Your objective »
In the data below, work out how many lines include the string "rule". Only the number should be given.

Dataset records »
____
(* Let $X$ be a compact space and $\mathcal{A}$ a dense subspace of $C(X)$ (real continuous functions, supremum norm) containing the constant functions and closed under finite lattice operations. Let $L$ be a Lip-norm on $\mathcal{A}$ such that $L(f\vee g)\le L(f)\vee L(g)$ for all $f,g\in\mathcal{A}$. Then $L$ is the restriction to $\mathcal{A}$ of the ordinary Lipschitz seminorm on $C(X)$ corresponding to the metric $\rho_L$ on $X$, i.e. $L(f)=\sup\{|f(x)-f(y)|/\rho_L(\delta_x,\delta_y):x,y\in X,\ x\ne y\}$ for all $f\in\mathcal{A}$.
   Context: $\mathcal{A}$ is an order-unit space with order unit $1$; its states are the continuous linear functionals $\mu$ with $\mu(1)=1=\|\mu\|$, and $\delta_x$ denotes evaluation at $x$. $\rho_L(\mu,\nu)=\sup\{|\mu(f)-\nu(f)|:f\in\mathcal{A},L(f)\le1\}$. A Lip-norm on $\mathcal{A}$ is a finite-valued seminorm $L$ with: (1) $L(f)=0$ iff $f$ is constant; (2) $\{f\in\mathcal{A}:L(f)\le1\}$ is norm-closed in $\mathcal{A}$; (3) the image of $\{f:L(f)\le1\}$ in $\mathcal{A}/\mathbb{R}1$ is totally bounded for the quotient norm. $f\vee g$ is the pointwise maximum. *)

theory Defs
  imports "HOL-Analysis.Analysis"
begin

text \<open>Functions on the compact space are represented as total functions \<open>'a \<Rightarrow> real\<close>
  on the carrier type; \<open>C(X)\<close> is the set of continuous ones with the supremum norm.\<close>

definition supnorm :: "('a \<Rightarrow> real) \<Rightarrow> real" where
  "supnorm f = (SUP x. \<bar>f x\<bar>)"

text \<open>Quotient norm on \<open>A / \<real>1\<close>: distance to the constants.\<close>
definition quot_norm :: "('a \<Rightarrow> real) \<Rightarrow> real" where
  "quot_norm f = (INF c. supnorm (\<lambda>x. f x - c))"

definition seminorm_on :: "('a \<Rightarrow> real) set \<Rightarrow> (('a \<Rightarrow> real) \<Rightarrow> real) \<Rightarrow> bool" where
  "seminorm_on A L \<longleftrightarrow>
     (\<forall>f\<in>A. 0 \<le> L f) \<and>
     (\<forall>f\<in>A. \<forall>c::real. L (\<lambda>x. c * f x) = \<bar>c\<bar> * L f) \<and>
     (\<forall>f\<in>A. \<forall>g\<in>A. L (\<lambda>x. f x + g x) \<le> L f + L g)"
theorem theorem5:
  fixes t :: complex
  assumes "0 < norm t" and "norm t < 1"
  shows "(\<lambda>n. (-1) ^ n * complex_of_real (Icoef n / fact n) * t ^ n)
           sums ((1 / t\<^sup>2) * (1 - 1 / gbinom (2 * t) t))"
proof -
  have "(\<lambda>n. (-1) ^ n * complex_of_real (Icoef n / fact n) * t ^ n) sums integral\<^sup>L lborel2 (tri_kernel t)"
    by (rule Icoef_series_sums[OF assms])
  also have "integral\<^sup>L lborel2 (tri_kernel t) = (1 - (2 * t + 1) * Beta (t + 1) (t + 1)) / t\<^sup>2"
    by (rule tri_kernel_integral[OF assms])
  also have "\<dots> = (1 / t\<^sup>2) * (1 - 1 / gbinom (2 * t) t)"
    by (simp add: Beta_eq_inverse_central_gbinom)
  finally show ?thesis .
qed

end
____
Task solution »
2